EXERCISE GOAL: Please report how many lines in the data underneath hold the word "levels", with no other text.

Excerpts from a dataset:

[Start of Attachment]

lemma locally_strict_eq_coord_foliage:
  assumes "locally_strict F"
  shows "F = coord_foliage (foliage_coord F) (F [])"
proof (intro ext equalityI subsetI)
  fix s p assume "p \<in> F s"
  then show "p \<in> coord_foliage (foliage_coord F) (F []) s"
    using locally_strict_subset_root[OF assms] locally_strict_foliage_path_unique[OF assms]
    by (auto simp: coord_foliage_def foliage_path_eq_map[symmetric])
next
  fix s p assume "p \<in> coord_foliage (foliage_coord F) (F []) s"
  then have "p \<in> F []" and "foliage_path F p (length s) = s"
    by (simp_all add: coord_foliage_def foliage_path_eq_map)
  then show "p \<in> F s"
    using locally_strict_mem_foliage_path[OF assms] by metis
qed

lemma baire_foliage_tree_iff_coordinates:
  "baire_foliage_tree X F \<longleftrightarrow>
     (\<exists>\<phi>. baire_coordinates X \<phi> \<and> F = coord_foliage \<phi> (topspace X))"
proof
  assume F: "baire_foliage_tree X F"
  then have "locally_strict F" and "F [] = topspace X"
    by (simp_all add: baire_foliage_tree_def)
  then have F_eq: "F = coord_foliage (foliage_coord F) (topspace X)"
    using locally_strict_eq_coord_foliage by metis
  have "strict_branches (coord_foliage (foliage_coord F) (topspace X))"
    and "\<forall>s. openin X (coord_foliage (foliage_coord F) (topspace X) s)"
    using F by (simp_all add: baire_foliage_tree_def open_foliage_def flip: F_eq)
  then have "baire_coordinates X (foliage_coord F)"
    by (simp add: baire_coordinates_def strict_branches_coord_foliage_iff)
  with F_eq show "\<exists>\<phi>. baire_coordinates X \<phi> \<and> F = coord_foliage \<phi> (topspace X)"
    by blast
qed (auto simp: baire_foliage_tree_def baire_coordinates_def open_foliage_def
      coord_foliage_def locally_strict_coord_foliage strict_branches_coord_foliage_iff)

section \<open>Rise levels in coordinates\<close>

lemma gg_shoot_iff_eventually:
  assumes "U \<noteq> {}" and "\<And>k. F (v @ [k]) \<noteq> {}"
  shows "shoot F v \<ggreater> {U} \<longleftrightarrow> (\<forall>\<^sub>F k in sequentially. F (v @ [k]) \<subseteq> U)"
proof
  assume "shoot F v \<ggreater> {U}"
  then obtain G where "G \<in> shoot F v" and "G \<subseteq> U"
    using assms(1) unfolding gg_def by blast
  then obtain C where C: "C \<subseteq> sons v" "finite (sons v - C)" "(\<Union>x\<in>C. F x) \<subseteq> U"
    unfolding shoot_def by blast
  have "(\<lambda>k. v @ [k]) ` {k. v @ [k] \<notin> C} \<subseteq> sons v - C"
    by (auto simp: sons_def)
  then have "finite ((\<lambda>k. v @ [k]) ` {k. v @ [k] \<notin> C})"
    using C(2) by (rule finite_subset)
  then have "finite {k. v @ [k] \<notin> C}"
    by (rule finite_imageD) (simp add: inj_on_def)
  then have "\<forall>\<^sub>F k in sequentially. v @ [k] \<in> C"
    by (simp add: cofinite_eq_sequentially[symmetric] eventually_cofinite)
  then show "\<forall>\<^sub>F k in sequentially. F (v @ [k]) \<subseteq> U"
    by eventually_elim (use C(3) in blast)
next
  assume "\<forall>\<^sub>F k in sequentially. F (v @ [k]) \<subseteq> U"
  then obtain N where N: "\<And>k. N \<le> k \<Longrightarrow> F (v @ [k]) \<subseteq> U"
    by (auto simp: eventually_sequentially)
  define C where "C = {v @ [k] | k. N \<le> k}"
  have "sons v - C \<subseteq> (\<lambda>k. v @ [k]) ` {..<N}"
    by (auto simp: C_def sons_def not_le)
  then have "finite (sons v - C)"
    by (rule finite_subset) simp
  moreover have "C \<subseteq> sons v"
    by (auto simp: C_def sons_def)
  ultimately have "(\<Union>x\<in>C. F x) \<in> shoot F v"
    unfolding shoot_def by blast
  moreover have "(\<Union>x\<in>C. F x) \<subseteq> U"
    using N by (auto simp: C_def)
  moreover have "F (v @ [N]) \<subseteq> (\<Union>x\<in>C. F x)"
    by (rule UN_upper) (simp add: C_def)
  then have "(\<Union>x\<in>C. F x) \<noteq> {}"
    using assms(2)[of N] by (metis subset_empty)
  ultimately show "shoot F v \<ggreater> {U}"
    unfolding gg_def by (intro ballI impI bexI[of _ "\<Union>x\<in>C. F x"]) auto
qed

lemma mem_rise_coord_foliage_iff:
  assumes "bij_betw \<phi> S UNIV" and "U \<noteq> {}"
  shows "h \<in> rise (coord_foliage \<phi> S) p U \<longleftrightarrow>
    p \<in> S \<and> (\<forall>\<^sub>F k in sequentially. coord_foliage \<phi> S (map (\<phi> p) [0..<h] @ [k]) \<subseteq> U)"
proof -
  have "h \<in> rise (coord_foliage \<phi> S) p U \<longleftrightarrow>
      p \<in> S \<and> shoot (coord_foliage \<phi> S) (map (\<phi> p) [0..<h]) \<ggreater> {U}"
  proof
    assume "h \<in> rise (coord_foliage \<phi> S) p U"
    then obtain v where "h = length v" "p \<in> S" "v = map (\<phi> p) [0..<length v]"
        "shoot (coord_foliage \<phi> S) v \<ggreater> {U}"
      unfolding rise_def scope_coord_foliage by blast
    then show "p \<in> S \<and> shoot (coord_foliage \<phi> S) (map (\<phi> p) [0..<h]) \<ggreater> {U}"
      by simp
  next
    assume "p \<in> S \<and> shoot (coord_foliage \<phi> S) (map (\<phi> p) [0..<h]) \<ggreater> {U}"
    then show "h \<in> rise (coord_foliage \<phi> S) p U"
      unfolding rise_def scope_coord_foliage
      by (intro CollectI exI[of _ "map (\<phi> p) [0..<h]"]) simp
  qed
  then show ?thesis
    using gg_shoot_iff_eventually[OF assms(2) coord_foliage_nonempty[OF assms(1)]] by simp
qed

lemma nbhd_imp_mem: "nbhd X p U \<Longrightarrow> p \<in> U"
  by (auto simp: nbhd_def)

lemma nbhd_Int_openin:
  assumes "nbhd X p U" and "openin X W" and "p \<in> W"
  shows "nbhd X p (U \<inter> W)"
proof -
  obtain V where "openin X V" "p \<in> V" "V \<subseteq> U" "U \<subseteq> topspace X"
    using assms(1) unfolding nbhd_def by blast
  with assms(2,3) show ?thesis
    unfolding nbhd_def by (intro conjI exI[of _ "V \<inter> W"]) auto
qed

lemma eventually_sons_subset_if_mem_rise:
  assumes "bij_betw \<phi> S UNIV" and "nbhd X p U" and "h \<in> rise (coord_foliage \<phi> S) p U"
  shows "\<forall>\<^sub>F k in sequentially. coord_foliage \<phi> S (map (\<phi> p) [0..<h] @ [k]) \<subseteq> U"
  using assms nbhd_imp_mem[OF assms(2)] mem_rise_coord_foliage_iff[OF assms(1)] by blast

lemma rise_nonempty:
  assumes "grows_into F X" and "p \<in> topspace X" and "nbhd X p U"
  shows "rise F p U \<noteq> {}"
  using assms unfolding grows_into_def rise_def by blast

lemma gg_singleton_mono:
  assumes "\<gamma> \<ggreater> {U}" and "U \<subseteq> U'" and "U \<noteq> {}"
  shows "\<gamma> \<ggreater> {U'}"
proof -
  obtain G where "G \<in> \<gamma>" "G \<noteq> {}" "G \<subseteq> U"
    using assms(1,3) unfolding gg_def by blast
  with assms(2) show ?thesis
    unfolding gg_def by (intro ballI impI bexI[of _ G]) auto
qed
lemma rise_mono:
  assumes "U \<subseteq> U'" and "U \<noteq> {}"
  shows "rise F p U \<subseteq> rise F p U'"
  unfolding rise_def using gg_singleton_mono[OF _ assms] by blast

lemma eventually_mem_rise:
  assumes "grows_into F X" and "cofin_omega \<ggreater> Rise F X"
    and "p \<in> topspace X" and "nbhd X p U"
  shows "\<forall>\<^sub>F h in sequentially. h \<in> rise F p U"
proof -
  have "rise F p U \<in> Rise F X"
    using assms(3,4) unfolding Rise_def by blast
  then obtain E where "finite E" and "UNIV - E \<subseteq> rise F p U"
    using assms(2) rise_nonempty[OF assms(1,3,4)] unfolding gg_def cofin_omega_def by blast
  moreover from \<open>finite E\<close> have "\<forall>\<^sub>F h in sequentially. h \<notin> E"
    by (simp add: cofinite_eq_sequentially[symmetric] eventually_cofinite)
  ultimately show ?thesis
    by (metis (mono_tags, lifting) DiffI UNIV_I eventually_mono subsetD)
qed

lemma rise_coord_foliage_ge_length:
  assumes "bij_betw \<phi> S UNIV" and "nbhd X p U"
    and "U \<subseteq> coord_foliage \<phi> S (map (\<phi> p) [0..<m])"
    and "h \<in> rise (coord_foliage \<phi> S) p U"
  shows "m \<le> h"
proof (rule ccontr)
  assume "\<not> m \<le> h"
  have "\<forall>\<^sub>F k in sequentially. \<phi> p h < k \<and> coord_foliage \<phi> S (map (\<phi> p) [0..<h] @ [k]) \<subseteq> U"
    using eventually_sons_subset_if_mem_rise[OF assms(1,2,4)] by (intro eventually_conj) simp_all
  then obtain k where k: "\<phi> p h < k" "coord_foliage \<phi> S (map (\<phi> p) [0..<h] @ [k]) \<subseteq> U"
    using eventually_happens'[OF sequentially_bot] by blast
  obtain q where q: "q \<in> coord_foliage \<phi> S (map (\<phi> p) [0..<h] @ [k])"
    using coord_foliage_nonempty[OF assms(1)] by blast
  then have "\<phi> q h = k"
    by (simp add: mem_coord_foliage_snoc)
  moreover have "map (\<phi> q) [0..<m] = map (\<phi> p) [0..<m]"
    using q k(2) assms(3) by (auto simp: mem_coord_foliage_prefix)
  then have "\<phi> q h = \<phi> p h"
    using \<open>\<not> m \<le> h\<close> by (simp add: map_eq_conv)
  ultimately show False
    using k(1) by simp
qed

text \<open>Rise levels are unbounded in any space with a \<open>\<pi>\<close>-tree: shrinking \<open>U\<close> to the
  length-\<open>m\<close> cylinder of \<open>p\<close> forces the level supplied by \<open>grows_into\<close> to be \<open>\<ge> m\<close>.\<close>

lemma frequently_mem_rise:
  assumes "baire_coordinates X \<phi>" and "grows_into (coord_foliage \<phi> (topspace X)) X"
    and "p \<in> topspace X" and "nbhd X p U"
  shows "\<exists>\<^sub>F h in sequentially. h \<in> rise (coord_foliage \<phi> (topspace X)) p U"
  unfolding frequently_sequentially
proof
  fix m
  let ?F = "coord_foliage \<phi> (topspace X)"
  let ?U = "U \<inter> ?F (map (\<phi> p) [0..<m])"
  have bij: "bij_betw \<phi> (topspace X) UNIV"
    using assms(1) by (simp add: baire_coordinates_def)
  have "nbhd X p ?U"
    using assms(1,3,4)
    by (intro nbhd_Int_openin) (simp_all add: baire_coordinates_def mem_coord_foliage_prefix)
  then obtain h where h: "h \<in> rise ?F p ?U"
    using rise_nonempty[OF assms(2,3)] by blast
  then have "m \<le> h"
    using rise_coord_foliage_ge_length[OF bij \<open>nbhd X p ?U\<close>] by blast
  moreover have "h \<in> rise ?F p U"
    using h rise_mono[of ?U U] nbhd_imp_mem[OF \<open>nbhd X p ?U\<close>] by blast
  ultimately show "\<exists>h\<ge>m. h \<in> rise ?F p U"
    by blast
qed

lemma nbhd_prod_product_topologyE:
  assumes "nbhd (prod_topology Y (product_topology X I)) (y, x) U"
  obtains V W where "nbhd Y y V" and "\<And>i. i \<in> I \<Longrightarrow> nbhd (X i) (x i) (W i)"
    and "finite {i \<in> I. W i \<noteq> topspace (X i)}" and "V \<times> PiE I W \<subseteq> U"
proof -
  obtain N where N: "openin (prod_topology Y (product_topology X I)) N" "(y, x) \<in> N" "N \<subseteq> U"
    using assms unfolding nbhd_def by blast
  have "\<exists>V T. openin Y V \<and> openin (product_topology X I) T \<and> y \<in> V \<and> x \<in> T \<and> V \<times> T \<subseteq> N"
    using N(1,2) unfolding openin_prod_topology_alt by simp
  then obtain V T where V: "openin Y V" "y \<in> V" and T: "openin (product_topology X I) T" "x \<in> T"
    and VT: "V \<times> T \<subseteq> N"
    by blast
  have "\<exists>W. finite {i \<in> I. W i \<noteq> topspace (X i)} \<and> (\<forall>i\<in>I. openin (X i) (W i)) \<and>
      x \<in> PiE I W \<and> PiE I W \<subseteq> T"
    using T unfolding openin_product_topology_alt by simp
  then obtain W where W: "finite {i \<in> I. W i \<noteq> topspace (X i)}"
      "\<And>i. i \<in> I \<Longrightarrow> openin (X i) (W i)" "x \<in> PiE I W" "PiE I W \<subseteq> T"
    by blast
  have "nbhd Y y V"
    using V openin_subset unfolding nbhd_def by blast
  moreover have "nbhd (X i) (x i) (W i)" if "i \<in> I" for i
    using that W(2,3) openin_subset unfolding nbhd_def by (fastforce simp: PiE_iff)
  moreover have "V \<times> PiE I W \<subseteq> U"
    using VT W(4) N(3) by blast
  ultimately show ?thesis
    using that W(1) by blast
qed

section \<open>Interleaving the coordinates of a countable product\<close>

locale product_coordinates =
  fixes I :: "'i set" and e :: "nat \<Rightarrow> 'i"
    and X :: "'i \<Rightarrow> 'a topology" and \<phi> :: "'i \<Rightarrow> 'a \<Rightarrow> nat \<Rightarrow> nat"
    and Y :: "'b topology" and \<psi> :: "'b \<Rightarrow> nat \<Rightarrow> nat"
  assumes range_enum: "range e = I"
    and coordinates_Y: "baire_coordinates Y \<psi>"
    and coordinates_X: "\<And>i. i \<in> I \<Longrightarrow> baire_coordinates (X i) (\<phi> i)"
begin

abbreviation Z :: "('b \<times> ('i \<Rightarrow> 'a)) topology" where
  "Z \<equiv> prod_topology Y (product_topology X I)"

definition entry :: "'i \<Rightarrow> nat" where
  "entry i = (LEAST k. e k = i)"

definition active :: "nat \<Rightarrow> 'i set" where
  "active d = e ` {..d}"

definition stage :: "nat \<Rightarrow> 'b \<times> ('i \<Rightarrow> 'a) \<Rightarrow> nat \<times> ('i \<Rightarrow> nat)" where
  "stage d z = (\<psi> (fst z) d, \<lambda>i\<in>active d. \<phi> i (snd z i) (d - entry i))"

[End of Attachment]

YOUR SOLUTION: 2